Problem to solve => Only the lines below starting at the one containing "using cell_core_exchange[of A" and ending at the one containing "A i by blast" belong in the answer, each copied exactly.

Material to process =>
*-*-*
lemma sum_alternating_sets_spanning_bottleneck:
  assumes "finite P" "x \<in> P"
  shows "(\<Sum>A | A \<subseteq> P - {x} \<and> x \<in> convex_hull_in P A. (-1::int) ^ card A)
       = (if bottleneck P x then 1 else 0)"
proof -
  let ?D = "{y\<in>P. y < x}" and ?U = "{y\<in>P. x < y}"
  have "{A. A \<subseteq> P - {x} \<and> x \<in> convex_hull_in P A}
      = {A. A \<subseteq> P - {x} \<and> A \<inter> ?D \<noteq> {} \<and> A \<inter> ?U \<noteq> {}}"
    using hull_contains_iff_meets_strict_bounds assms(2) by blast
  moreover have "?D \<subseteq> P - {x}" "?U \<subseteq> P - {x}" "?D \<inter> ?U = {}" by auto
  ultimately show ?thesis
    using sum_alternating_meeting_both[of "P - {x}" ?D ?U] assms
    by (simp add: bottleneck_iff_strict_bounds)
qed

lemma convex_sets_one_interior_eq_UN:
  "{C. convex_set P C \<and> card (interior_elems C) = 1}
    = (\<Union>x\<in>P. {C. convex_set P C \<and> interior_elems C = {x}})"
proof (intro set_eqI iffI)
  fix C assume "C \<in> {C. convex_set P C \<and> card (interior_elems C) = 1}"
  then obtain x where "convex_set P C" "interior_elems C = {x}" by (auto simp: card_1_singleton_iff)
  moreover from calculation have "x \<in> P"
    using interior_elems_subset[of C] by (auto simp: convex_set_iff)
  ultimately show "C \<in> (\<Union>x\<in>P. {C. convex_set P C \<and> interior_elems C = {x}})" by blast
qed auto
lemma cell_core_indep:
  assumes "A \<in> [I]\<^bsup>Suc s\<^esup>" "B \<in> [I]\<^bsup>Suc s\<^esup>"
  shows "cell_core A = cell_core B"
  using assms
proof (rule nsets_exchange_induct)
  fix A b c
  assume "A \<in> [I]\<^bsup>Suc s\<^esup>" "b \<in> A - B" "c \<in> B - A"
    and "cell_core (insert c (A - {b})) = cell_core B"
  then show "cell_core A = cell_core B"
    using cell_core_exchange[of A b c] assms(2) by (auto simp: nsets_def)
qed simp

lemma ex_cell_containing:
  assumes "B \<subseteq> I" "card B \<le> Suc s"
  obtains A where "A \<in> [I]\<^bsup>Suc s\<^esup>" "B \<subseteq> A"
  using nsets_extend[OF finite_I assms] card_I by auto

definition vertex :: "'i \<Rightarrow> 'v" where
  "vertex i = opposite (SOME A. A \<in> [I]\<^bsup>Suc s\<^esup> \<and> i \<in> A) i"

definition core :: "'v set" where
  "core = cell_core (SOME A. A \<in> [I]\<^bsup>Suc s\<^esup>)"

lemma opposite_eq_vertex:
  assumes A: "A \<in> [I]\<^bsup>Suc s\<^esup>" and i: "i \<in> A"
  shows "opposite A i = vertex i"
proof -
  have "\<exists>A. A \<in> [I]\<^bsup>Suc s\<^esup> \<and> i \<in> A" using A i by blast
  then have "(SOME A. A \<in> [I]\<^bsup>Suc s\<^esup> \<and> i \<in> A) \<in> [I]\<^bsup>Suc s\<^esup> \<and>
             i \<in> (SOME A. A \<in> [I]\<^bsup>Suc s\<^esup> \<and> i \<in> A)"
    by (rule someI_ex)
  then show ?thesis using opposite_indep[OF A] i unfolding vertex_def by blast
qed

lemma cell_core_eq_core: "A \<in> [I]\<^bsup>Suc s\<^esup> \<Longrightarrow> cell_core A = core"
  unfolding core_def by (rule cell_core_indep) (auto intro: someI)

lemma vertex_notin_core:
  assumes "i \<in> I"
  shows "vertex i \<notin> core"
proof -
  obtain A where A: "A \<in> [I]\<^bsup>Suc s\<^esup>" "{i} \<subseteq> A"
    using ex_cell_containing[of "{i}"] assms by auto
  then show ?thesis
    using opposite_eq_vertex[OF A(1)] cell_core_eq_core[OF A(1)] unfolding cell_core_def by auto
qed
*-*-*
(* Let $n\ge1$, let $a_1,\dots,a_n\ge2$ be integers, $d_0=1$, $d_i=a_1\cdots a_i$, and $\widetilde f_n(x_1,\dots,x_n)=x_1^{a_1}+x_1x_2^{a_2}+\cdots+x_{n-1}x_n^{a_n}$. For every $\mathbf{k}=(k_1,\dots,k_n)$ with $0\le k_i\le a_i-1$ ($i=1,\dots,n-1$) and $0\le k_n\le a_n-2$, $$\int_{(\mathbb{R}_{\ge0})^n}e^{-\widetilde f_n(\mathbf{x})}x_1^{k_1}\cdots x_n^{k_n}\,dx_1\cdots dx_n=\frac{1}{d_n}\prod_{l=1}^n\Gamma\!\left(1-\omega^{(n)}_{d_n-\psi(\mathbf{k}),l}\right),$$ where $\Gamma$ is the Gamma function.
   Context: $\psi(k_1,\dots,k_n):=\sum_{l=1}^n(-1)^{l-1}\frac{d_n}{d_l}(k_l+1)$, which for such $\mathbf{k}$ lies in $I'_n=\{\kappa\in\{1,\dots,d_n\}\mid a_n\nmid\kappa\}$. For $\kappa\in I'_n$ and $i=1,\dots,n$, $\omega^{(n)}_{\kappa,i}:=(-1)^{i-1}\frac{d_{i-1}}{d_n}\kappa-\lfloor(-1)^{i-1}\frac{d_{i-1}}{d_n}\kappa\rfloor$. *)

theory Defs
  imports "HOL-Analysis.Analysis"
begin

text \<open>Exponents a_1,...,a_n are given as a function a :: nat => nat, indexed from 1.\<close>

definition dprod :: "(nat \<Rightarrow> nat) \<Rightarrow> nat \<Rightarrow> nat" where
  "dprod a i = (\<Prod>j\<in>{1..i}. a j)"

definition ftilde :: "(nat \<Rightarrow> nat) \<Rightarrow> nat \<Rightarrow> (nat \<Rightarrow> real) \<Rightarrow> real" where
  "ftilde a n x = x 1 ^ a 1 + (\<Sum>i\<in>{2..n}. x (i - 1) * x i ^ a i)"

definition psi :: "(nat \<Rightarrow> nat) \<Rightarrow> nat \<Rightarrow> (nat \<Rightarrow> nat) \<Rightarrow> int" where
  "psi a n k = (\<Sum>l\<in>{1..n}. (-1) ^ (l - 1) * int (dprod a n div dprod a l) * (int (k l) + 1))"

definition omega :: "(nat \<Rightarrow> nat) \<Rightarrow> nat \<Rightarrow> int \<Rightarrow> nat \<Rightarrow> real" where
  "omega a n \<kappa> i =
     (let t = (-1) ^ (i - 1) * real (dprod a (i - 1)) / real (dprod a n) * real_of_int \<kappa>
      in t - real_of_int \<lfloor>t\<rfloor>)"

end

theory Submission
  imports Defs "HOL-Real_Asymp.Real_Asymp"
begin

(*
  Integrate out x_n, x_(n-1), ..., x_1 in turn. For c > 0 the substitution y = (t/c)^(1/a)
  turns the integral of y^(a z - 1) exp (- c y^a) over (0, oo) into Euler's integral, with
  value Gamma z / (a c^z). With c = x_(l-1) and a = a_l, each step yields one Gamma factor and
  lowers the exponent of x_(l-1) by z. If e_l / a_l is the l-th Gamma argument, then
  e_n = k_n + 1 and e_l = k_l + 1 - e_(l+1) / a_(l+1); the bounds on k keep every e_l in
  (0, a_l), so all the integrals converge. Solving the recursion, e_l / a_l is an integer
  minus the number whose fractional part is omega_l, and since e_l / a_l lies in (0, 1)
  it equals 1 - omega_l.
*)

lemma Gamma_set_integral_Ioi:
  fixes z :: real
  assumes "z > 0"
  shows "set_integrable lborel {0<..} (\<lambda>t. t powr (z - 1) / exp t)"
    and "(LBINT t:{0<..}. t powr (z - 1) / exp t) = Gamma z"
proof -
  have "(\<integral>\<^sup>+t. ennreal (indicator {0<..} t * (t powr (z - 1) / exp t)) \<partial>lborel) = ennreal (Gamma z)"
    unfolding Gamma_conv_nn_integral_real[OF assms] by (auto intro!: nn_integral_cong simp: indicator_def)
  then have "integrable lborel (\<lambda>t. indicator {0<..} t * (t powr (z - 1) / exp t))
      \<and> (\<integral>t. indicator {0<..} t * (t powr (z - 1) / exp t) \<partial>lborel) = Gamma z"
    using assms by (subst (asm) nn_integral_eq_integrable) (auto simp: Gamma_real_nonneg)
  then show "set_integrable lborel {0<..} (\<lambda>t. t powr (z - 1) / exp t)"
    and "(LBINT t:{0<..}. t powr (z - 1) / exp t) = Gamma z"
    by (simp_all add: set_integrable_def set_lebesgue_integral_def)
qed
*-*-*
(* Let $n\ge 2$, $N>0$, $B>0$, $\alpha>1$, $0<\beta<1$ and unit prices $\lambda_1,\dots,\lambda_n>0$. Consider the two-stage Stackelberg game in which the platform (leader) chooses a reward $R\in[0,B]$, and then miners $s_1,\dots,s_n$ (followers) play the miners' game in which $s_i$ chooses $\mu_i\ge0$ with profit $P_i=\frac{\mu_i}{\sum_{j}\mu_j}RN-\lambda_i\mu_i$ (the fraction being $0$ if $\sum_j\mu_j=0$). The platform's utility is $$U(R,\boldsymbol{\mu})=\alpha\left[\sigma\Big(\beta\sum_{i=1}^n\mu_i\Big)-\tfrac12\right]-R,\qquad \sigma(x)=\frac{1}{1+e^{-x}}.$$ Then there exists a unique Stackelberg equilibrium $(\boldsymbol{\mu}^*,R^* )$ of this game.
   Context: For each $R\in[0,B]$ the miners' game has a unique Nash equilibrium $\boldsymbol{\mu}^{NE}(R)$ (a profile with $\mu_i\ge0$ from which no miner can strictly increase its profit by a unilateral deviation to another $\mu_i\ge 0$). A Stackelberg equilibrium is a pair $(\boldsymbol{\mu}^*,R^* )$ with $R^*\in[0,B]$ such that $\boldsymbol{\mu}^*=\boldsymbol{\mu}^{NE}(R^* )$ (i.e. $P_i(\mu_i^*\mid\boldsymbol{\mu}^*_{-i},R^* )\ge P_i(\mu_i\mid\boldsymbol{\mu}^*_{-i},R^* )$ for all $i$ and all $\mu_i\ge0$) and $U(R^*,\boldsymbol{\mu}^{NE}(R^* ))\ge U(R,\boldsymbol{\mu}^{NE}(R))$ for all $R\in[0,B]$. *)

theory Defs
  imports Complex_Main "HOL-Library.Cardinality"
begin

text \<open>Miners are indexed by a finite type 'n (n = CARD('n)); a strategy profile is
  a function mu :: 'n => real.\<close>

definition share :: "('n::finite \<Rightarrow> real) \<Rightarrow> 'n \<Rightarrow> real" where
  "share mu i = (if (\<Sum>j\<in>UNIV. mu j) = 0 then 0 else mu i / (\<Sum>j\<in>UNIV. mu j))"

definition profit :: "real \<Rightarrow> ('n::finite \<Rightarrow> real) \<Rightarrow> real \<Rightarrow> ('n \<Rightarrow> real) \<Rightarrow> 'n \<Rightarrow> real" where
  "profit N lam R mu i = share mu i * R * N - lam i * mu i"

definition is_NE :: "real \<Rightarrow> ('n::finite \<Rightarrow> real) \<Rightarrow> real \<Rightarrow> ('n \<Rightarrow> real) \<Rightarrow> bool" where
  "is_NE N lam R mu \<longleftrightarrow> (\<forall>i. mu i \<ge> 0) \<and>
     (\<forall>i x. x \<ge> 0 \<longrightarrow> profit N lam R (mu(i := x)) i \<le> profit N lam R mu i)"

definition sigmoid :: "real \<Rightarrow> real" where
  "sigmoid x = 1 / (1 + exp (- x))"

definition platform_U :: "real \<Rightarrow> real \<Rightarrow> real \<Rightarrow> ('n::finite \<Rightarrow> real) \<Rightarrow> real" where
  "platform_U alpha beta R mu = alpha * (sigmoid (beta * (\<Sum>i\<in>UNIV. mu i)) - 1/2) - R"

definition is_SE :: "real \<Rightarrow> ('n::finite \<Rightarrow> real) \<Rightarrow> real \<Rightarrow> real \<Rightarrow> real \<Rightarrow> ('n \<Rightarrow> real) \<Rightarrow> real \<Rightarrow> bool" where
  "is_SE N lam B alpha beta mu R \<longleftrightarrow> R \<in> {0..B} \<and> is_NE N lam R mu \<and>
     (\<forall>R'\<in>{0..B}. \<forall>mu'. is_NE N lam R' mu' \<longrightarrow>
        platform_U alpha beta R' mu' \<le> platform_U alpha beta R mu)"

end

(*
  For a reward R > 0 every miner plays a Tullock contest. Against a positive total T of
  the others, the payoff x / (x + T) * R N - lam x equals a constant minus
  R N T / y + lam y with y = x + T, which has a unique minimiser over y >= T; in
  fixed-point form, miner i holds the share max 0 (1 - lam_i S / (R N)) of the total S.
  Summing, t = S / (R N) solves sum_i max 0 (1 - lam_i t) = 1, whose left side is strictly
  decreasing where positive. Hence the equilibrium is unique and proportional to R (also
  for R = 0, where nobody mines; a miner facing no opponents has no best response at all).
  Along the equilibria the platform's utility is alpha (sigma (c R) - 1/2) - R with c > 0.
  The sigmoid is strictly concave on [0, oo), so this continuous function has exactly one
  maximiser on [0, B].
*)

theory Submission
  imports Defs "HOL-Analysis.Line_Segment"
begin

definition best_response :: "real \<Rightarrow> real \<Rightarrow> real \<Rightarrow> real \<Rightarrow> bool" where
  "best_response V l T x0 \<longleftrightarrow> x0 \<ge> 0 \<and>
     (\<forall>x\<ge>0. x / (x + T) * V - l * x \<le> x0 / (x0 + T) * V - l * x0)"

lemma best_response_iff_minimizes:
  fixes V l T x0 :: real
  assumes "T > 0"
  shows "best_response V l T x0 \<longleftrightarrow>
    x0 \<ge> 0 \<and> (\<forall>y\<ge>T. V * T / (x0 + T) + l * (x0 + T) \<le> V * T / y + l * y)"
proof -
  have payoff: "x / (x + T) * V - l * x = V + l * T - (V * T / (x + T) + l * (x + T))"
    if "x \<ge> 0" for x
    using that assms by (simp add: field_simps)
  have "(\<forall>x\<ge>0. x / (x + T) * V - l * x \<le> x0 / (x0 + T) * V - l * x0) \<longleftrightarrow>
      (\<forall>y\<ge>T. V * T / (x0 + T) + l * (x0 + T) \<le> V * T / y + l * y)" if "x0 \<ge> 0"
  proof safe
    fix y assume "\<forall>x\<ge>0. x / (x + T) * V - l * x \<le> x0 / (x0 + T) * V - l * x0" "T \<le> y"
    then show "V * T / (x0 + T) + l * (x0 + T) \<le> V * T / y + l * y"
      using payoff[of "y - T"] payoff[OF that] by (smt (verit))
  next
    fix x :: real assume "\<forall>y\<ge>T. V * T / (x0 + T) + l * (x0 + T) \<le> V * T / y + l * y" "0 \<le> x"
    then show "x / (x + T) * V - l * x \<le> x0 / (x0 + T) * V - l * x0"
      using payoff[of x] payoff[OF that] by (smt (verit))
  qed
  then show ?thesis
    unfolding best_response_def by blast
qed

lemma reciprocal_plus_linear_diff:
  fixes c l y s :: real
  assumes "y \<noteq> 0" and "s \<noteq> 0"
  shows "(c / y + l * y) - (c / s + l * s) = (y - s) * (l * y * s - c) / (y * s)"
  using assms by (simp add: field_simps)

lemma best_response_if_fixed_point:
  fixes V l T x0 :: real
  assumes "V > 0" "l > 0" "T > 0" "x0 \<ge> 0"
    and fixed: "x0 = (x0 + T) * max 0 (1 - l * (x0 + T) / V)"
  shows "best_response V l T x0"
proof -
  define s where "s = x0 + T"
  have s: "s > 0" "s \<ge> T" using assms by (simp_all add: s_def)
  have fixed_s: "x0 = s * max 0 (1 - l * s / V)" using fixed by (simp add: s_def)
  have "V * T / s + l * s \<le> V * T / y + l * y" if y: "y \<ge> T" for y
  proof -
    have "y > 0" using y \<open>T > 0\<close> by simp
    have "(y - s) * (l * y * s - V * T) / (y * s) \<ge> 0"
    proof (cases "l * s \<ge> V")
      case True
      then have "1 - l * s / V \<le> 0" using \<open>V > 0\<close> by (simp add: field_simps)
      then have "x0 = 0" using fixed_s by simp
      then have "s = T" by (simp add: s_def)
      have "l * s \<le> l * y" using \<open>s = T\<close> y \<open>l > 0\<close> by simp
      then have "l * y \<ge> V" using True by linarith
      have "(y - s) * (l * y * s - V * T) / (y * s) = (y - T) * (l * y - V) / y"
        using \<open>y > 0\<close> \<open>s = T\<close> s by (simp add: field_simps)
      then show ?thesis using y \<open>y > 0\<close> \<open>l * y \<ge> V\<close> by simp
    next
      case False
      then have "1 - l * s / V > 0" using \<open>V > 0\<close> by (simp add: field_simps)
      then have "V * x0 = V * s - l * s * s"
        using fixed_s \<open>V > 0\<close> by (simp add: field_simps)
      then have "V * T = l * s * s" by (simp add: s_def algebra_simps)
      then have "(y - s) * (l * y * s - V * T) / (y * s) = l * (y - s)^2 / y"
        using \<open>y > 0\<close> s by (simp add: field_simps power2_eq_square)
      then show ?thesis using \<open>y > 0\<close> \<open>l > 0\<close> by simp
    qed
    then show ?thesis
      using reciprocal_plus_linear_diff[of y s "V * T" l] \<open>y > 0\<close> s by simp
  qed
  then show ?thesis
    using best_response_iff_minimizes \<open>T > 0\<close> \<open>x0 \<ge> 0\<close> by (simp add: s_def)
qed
*-*-*
Output of the task =>
    using cell_core_exchange[of A b c] assms(2) by (auto simp: nsets_def)
qed simp

lemma ex_cell_containing:
  assumes "B \<subseteq> I" "card B \<le> Suc s"
  obtains A where "A \<in> [I]\<^bsup>Suc s\<^esup>" "B \<subseteq> A"
  using nsets_extend[OF finite_I assms] card_I by auto

definition vertex :: "'i \<Rightarrow> 'v" where
  "vertex i = opposite (SOME A. A \<in> [I]\<^bsup>Suc s\<^esup> \<and> i \<in> A) i"

definition core :: "'v set" where
  "core = cell_core (SOME A. A \<in> [I]\<^bsup>Suc s\<^esup>)"

lemma opposite_eq_vertex:
  assumes A: "A \<in> [I]\<^bsup>Suc s\<^esup>" and i: "i \<in> A"
  shows "opposite A i = vertex i"
proof -
  have "\<exists>A. A \<in> [I]\<^bsup>Suc s\<^esup> \<and> i \<in> A" using A i by blast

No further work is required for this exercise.